マナーうんちく話765《七夕伝説、「天の川」と「愛の橋渡し」》

平松幹夫

平松幹夫

テーマ:歳時記のマナー

夏の風物詩「七夕」が話題になる頃ですが、7月7日は5節句の一つ「七夕」。
多種多様な年中行事の中でも、知らない人はいないほど有名ですが、これは日本古来の信仰と中国から伝来した伝説や風習が複雑に絡み合っています。

昔は女性のたしなみとして裁縫が出来ることが必要でしたが、裁縫や芸事や詩歌の上達を願う行事と、織姫と彦星が年に一度天の川を渡って出会う物語は特に有名ですね。

今では、願い事を書いた色とりどりの短冊を笹に飾りますが、これは江戸時代から始まったと言われる日本ならではの行事です。

なぜ笹の葉に飾るのか?といえば、笹の葉はまっすぐに伸び、成長力が非常に旺盛だから、不思議な力があると信じられていたからです。

では、織姫と彦星はなぜ一年に一度しか会えないのでしょうか?
もともと、織姫と彦星は大変働き者でした。
だから、織姫のお父さんである天帝、つまり宇宙を支配する神様の計らいで二人は結婚しました。

そして、二人はラブラブの新婚生活を送るわけですが、ここまでは目出度し目出度しです。

しかし、二人は甘い生活に浸るばかりで、働くことを忘れてしまい、それに怒った天帝は、ついに二人を引き離してしまいました。

引き離したものの、これっきり二人は全然会えないとなれば、余りにもかわいそうだから、年に一度だけ天の川を挟んで逢瀬を楽しむことを許しました。

ちなみに、逢瀬とは今では耳にしたり口にしたりすることは無くなりましたが、愛し合う二人が人目を偲んで会うことで、それが7月7日ということです。

ここで心配な事が一つあります。
天の川を挟んで合うわけですから、7月7日に大雨が降ればどうなるのでしょうか?

7月7日に降る雨は「催涙雨(サイルイウ)」と言われ、色々な説があります。
○雨が降って二人が会えなくなるので、悲しみの涙を流すから。

○一年に一度逢瀬を楽しめるので、うれし涙を流すから。

○一年に一度逢瀬を楽しんだ後、別れがつらくなって悲しみの涙を流すから。

昔の人は感性が豊かですから、色々な事を想像したのでしょうね。
何しろ一年に一度しか会えないので、全ての説に信ぴょう性があり、頷けます。

さらに、こんな説も有ります。
雨が降って川が渡れなくなれば、どこからともなく「カササギ」がやって来て、川の上でそれぞれ羽を広げて橋を作り、二人はその橋を渡って逢瀬を楽しむことが出来るということです。
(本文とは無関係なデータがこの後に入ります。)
(* Let $\Phi$ be a real, additive gain graph on $V=\{1,\dots,n\}$ and suppose $\mathbf{Q}=(Q_1,\dots,Q_n)\in(\mathbb{E}^d)^n$ has ideal general position. Let $s$ be a flat of $\mathcal{H}(\Phi;\mathbf{Q})$ that is not a point. Then for $i,j\in V$, $\mathrm{proj}_s Q_i=\mathrm{proj}_s Q_j$ if and only if $i$ and $j$ lie in the same connected component of $(V,E(s))$.
   Context: A real, additive gain graph $\Phi$ on $V$: finite graph with edge set $E$ (multiple edges allowed, every edge with two distinct endpoints) and gains $\phi(e;i,j)\in\mathbb{R}$ with $\phi(e;j,i)=-\phi(e;i,j)$. With $\psi_{ij}(P)=d(P,Q_i)^2-d(P,Q_j)^2$, $\mathcal{H}(\Phi;\mathbf{Q})$ consists of hyperplanes $h(e)=\{P:\psi_{ij}(P)=\phi(e;i,j)\}$ for edges $e$ with endpoints $i,j$. A flat of $\mathcal{H}$ is a nonempty intersection of a subset of $\mathcal{H}$; $E(s)=\{e\in E:h(e)\supseteq s\}$. $\mathrm{proj}_s P$ is the orthogonal projection of $P$ onto $s$. Ideal general position: the points are distinct and, with $\mathbb{E}^d\subset\mathbb{P}^d$, $h_\infty$ the ideal hyperplane and $p_{ij}$ the ideal point of line $Q_iQ_j$, for every set $T$ of unordered pairs the projective span of $\{p_{ij}:\{i,j\}\in T\}$ has dimension $\min(n-c(T),d)-1$, where $c(T)$ is the number of components of $(\{1,\dots,n\},T)$, isolated vertices included. *)

theory Defs
  imports "HOL-Analysis.Analysis"
begin

text \<open>A real additive gain graph on V = {1..n}: a finite edge set E (of an arbitrary edge type),
  each edge e with an ordered pair of distinct endpoints ends e = (i,j) in V, and gain
  gain e = phi(e;i,j); the reverse orientation has gain phi(e;j,i) = - gain e.\<close>

definition gain_graph :: "nat \<Rightarrow> 'e set \<Rightarrow> ('e \<Rightarrow> nat \<times> nat) \<Rightarrow> bool" where
  "gain_graph n E ends \<longleftrightarrow> finite E \<and>
     (\<forall>e\<in>E. fst (ends e) \<in> {1..n} \<and> snd (ends e) \<in> {1..n} \<and> fst (ends e) \<noteq> snd (ends e))"

definition psi :: "(nat \<Rightarrow> 'a::euclidean_space) \<Rightarrow> nat \<Rightarrow> nat \<Rightarrow> 'a \<Rightarrow> real" where
  "psi Q i j P = (dist P (Q i))\<^sup>2 - (dist P (Q j))\<^sup>2"

definition hyp :: "(nat \<Rightarrow> 'a::euclidean_space) \<Rightarrow> ('e \<Rightarrow> nat \<times> nat) \<Rightarrow> ('e \<Rightarrow> real) \<Rightarrow> 'e \<Rightarrow> 'a set" where
  "hyp Q ends gain e = {P. psi Q (fst (ends e)) (snd (ends e)) P = gain e}"

definition is_flat :: "(nat \<Rightarrow> 'a::euclidean_space) \<Rightarrow> 'e set \<Rightarrow> ('e \<Rightarrow> nat \<times> nat) \<Rightarrow> ('e \<Rightarrow> real) \<Rightarrow> 'a set \<Rightarrow> bool" where
  "is_flat Q E ends gain s \<longleftrightarrow> s \<noteq> {} \<and>
     (\<exists>F\<subseteq>E. s = (\<Inter>e\<in>F. hyp Q ends gain e))"

definition edges_of :: "(nat \<Rightarrow> 'a::euclidean_space) \<Rightarrow> 'e set \<Rightarrow> ('e \<Rightarrow> nat \<times> nat) \<Rightarrow> ('e \<Rightarrow> real) \<Rightarrow> 'a set \<Rightarrow> 'e set" where
  "edges_of Q E ends gain s = {e\<in>E. s \<subseteq> hyp Q ends gain e}"

definition adj :: "'e set \<Rightarrow> ('e \<Rightarrow> nat \<times> nat) \<Rightarrow> (nat \<times> nat) set" where
  "adj F ends = {(a,b). \<exists>e\<in>F. ends e = (a,b) \<or> ends e = (b,a)}"

definition same_component :: "'e set \<Rightarrow> ('e \<Rightarrow> nat \<times> nat) \<Rightarrow> nat \<Rightarrow> nat \<Rightarrow> bool" where
  "same_component F ends i j \<longleftrightarrow> (i, j) \<in> (adj F ends)\<^sup>*"

definition num_components :: "nat \<Rightarrow> nat set set \<Rightarrow> nat" where
  "num_components n T = card ({1..n} // ({(a,b). {a,b} \<in> T})\<^sup>*)"

text \<open>The ideal point p_ij of line Q_iQ_j is the direction class of Q_i - Q_j,
  so the projective span of {p_ij : {i,j} \<in> T} has projective dimension
  dim(span{Q_i - Q_j : {i,j}\<in>T}) - 1.  The condition is thus that this linear dimension equals
  min(n - c(T), d).\<close>
definition ideal_general_position :: "nat \<Rightarrow> (nat \<Rightarrow> 'a::euclidean_space) \<Rightarrow> bool" where
  "ideal_general_position n Q \<longleftrightarrow> inj_on Q {1..n} \<and>
     (\<forall>T. T \<subseteq> {{i,j} | i j. i \<in> {1..n} \<and> j \<in> {1..n} \<and> i \<noteq> j} \<longrightarrow>
        dim {Q i - Q j | i j. {i,j} \<in> T \<and> i \<noteq> j} = min (n - num_components n T) DIM('a))"

end

theory Submission
  imports Defs
begin

text \<open>Each hyperplane h(e) of the arrangement is orthogonal to Q_a - Q_b, where a, b are the
  endpoints of e. Hence the directions of a flat s are exactly the vectors orthogonal to the span W
  of the differences Q_a - Q_b over the edges of E(s), and so proj_s Q_i = proj_s Q_j iff
  Q_i - Q_j \<in> W. A path in (V, E(s)) from i to j writes Q_i - Q_j as a sum of such differences.
  Conversely, if i and j are in different components, adding the pair {i,j} lowers the number of
  components, which by ideal general position raises the dimension of the span of differences;
  as s is not a point, dim W < d, so this dimension count forces Q_i - Q_j \<notin> W.\<close>

definition pair_rel :: "'v set set \<Rightarrow> ('v \<times> 'v) set" where
  "pair_rel T = {(a, b). {a, b} \<in> T}"

definition pair_diffs :: "('v \<Rightarrow> 'a::real_vector) \<Rightarrow> 'v set set \<Rightarrow> 'a set" where
  "pair_diffs Q T = {Q a - Q b | a b. {a, b} \<in> T \<and> a \<noteq> b}"

definition edge_pairs :: "'e set \<Rightarrow> ('e \<Rightarrow> 'v \<times> 'v) \<Rightarrow> 'v set set" where
  "edge_pairs F ends = {{fst (ends e), snd (ends e)} | e. e \<in> F}"

lemma closest_point_eq_if_orthogonal_diffs:
  fixes S :: "'a::euclidean_space set"
  assumes "convex S" "closed S" "S \<noteq> {}"
    and orth: "\<And>p q. p \<in> S \<Longrightarrow> q \<in> S \<Longrightarrow> (x - y) \<bullet> (p - q) = 0"
  shows "closest_point S x = closest_point S y"
proof -
  define c where "c = closest_point S x"
  have c: "c \<in> S" unfolding c_def using assms(2,3) by (rule closest_point_in_set)
  have "dist y c \<le> dist y z" if z: "z \<in> S" for z
  proof -
    have "(x - c) \<bullet> (z - c) \<le> 0"
      unfolding c_def using assms(1,2) z by (rule closest_point_dot)
    moreover have "(x - y) \<bullet> (z - c) = 0" using orth[OF z c] .
    ultimately have "0 \<le> (y - c) \<bullet> (c - z)"
      by (simp add: inner_diff_left inner_diff_right inner_commute)
    moreover have "(norm (y - z))\<^sup>2 = (norm (y - c))\<^sup>2 + (norm (c - z))\<^sup>2 + 2 * ((y - c) \<bullet> (c - z))"
      unfolding power2_norm_eq_inner
      by (simp add: inner_add_left inner_add_right inner_diff_left inner_diff_right inner_commute)
    ultimately have "(norm (y - c))\<^sup>2 \<le> (norm (y - z))\<^sup>2" by simp
    then show ?thesis by (simp add: dist_norm power2_le_iff_abs_le)
  qed
  then have "c = closest_point S y"
    using closest_point_unique[OF assms(1,2) c] by blast
  then show ?thesis unfolding c_def .
qed

lemma closest_point_residual_orthogonal:
  fixes S :: "'a::euclidean_space set"
  assumes "convex S" "closed S" "S \<noteq> {}"
    and "\<And>p. p \<in> S \<Longrightarrow> p + v \<in> S" "\<And>p. p \<in> S \<Longrightarrow> p - v \<in> S"
  shows "(x - closest_point S x) \<bullet> v = 0"
proof -
  have c: "closest_point S x \<in> S" using assms(2,3) by (rule closest_point_in_set)
  have "(x - closest_point S x) \<bullet> (closest_point S x + v - closest_point S x) \<le> 0"
    "(x - closest_point S x) \<bullet> (closest_point S x - v - closest_point S x) \<le> 0"
    using closest_point_dot[OF assms(1,2)] assms(4,5)[OF c] by blast+
  then show ?thesis by (simp add: inner_minus_right)
qed

lemma span_neq_UNIV_if_orthogonal:
  fixes v :: "'a::real_inner"
  assumes "v \<noteq> 0" "\<And>b. b \<in> B \<Longrightarrow> b \<bullet> v = 0"
  shows "span B \<noteq> UNIV"
proof
  assume "span B = UNIV"
  then have "orthogonal v v"
    using orthogonal_to_span[of v B v] assms(2) by (simp add: orthogonal_def inner_commute)
  with assms(1) show False by (simp add: orthogonal_def)
qed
つまり、カササギは男女の契りの橋渡しの役目を背負っているわけですね。
私も、長年ホテルでブライダルの仕事に携わっていましたので、その経験や知識と活かし、婚活直前セミナーや手作りのお見合いのプロデュースをしておりますが、これが功を奏した時は本当にうれしい限りです。

一年にたった一度でもいいから、心底会いたいと思う人がいればいいですね。
でも、七夕の短冊に書く願い事は重複しますが、「恋人ができますように」「宝くじが当たりますように」等ではなく、「芸事・書道・習い事等が上達しますように」の内容になります。

7月6日の夕方に、短冊に願い事を書き、笹の葉につるし、軒下に飾り、7日の夜に取りこんで、川や海に流すことを「七夕流し」「七夕送り」と言います。

川や海に流せば、天の川に通じ、願い事が叶うとされていたわけですね。
しかし、現在では環境保護の立場上それはできません。寂しいですね。

空から降ってくるような星を満天の星と言います。
また、夜空を横切るように存在する雲状の帯が「天の川」と言われ、ギリシャ神話では、乳とみなしています。
七夕の日は、恋や仕事や環境保全を再認識する日かもしれませんね。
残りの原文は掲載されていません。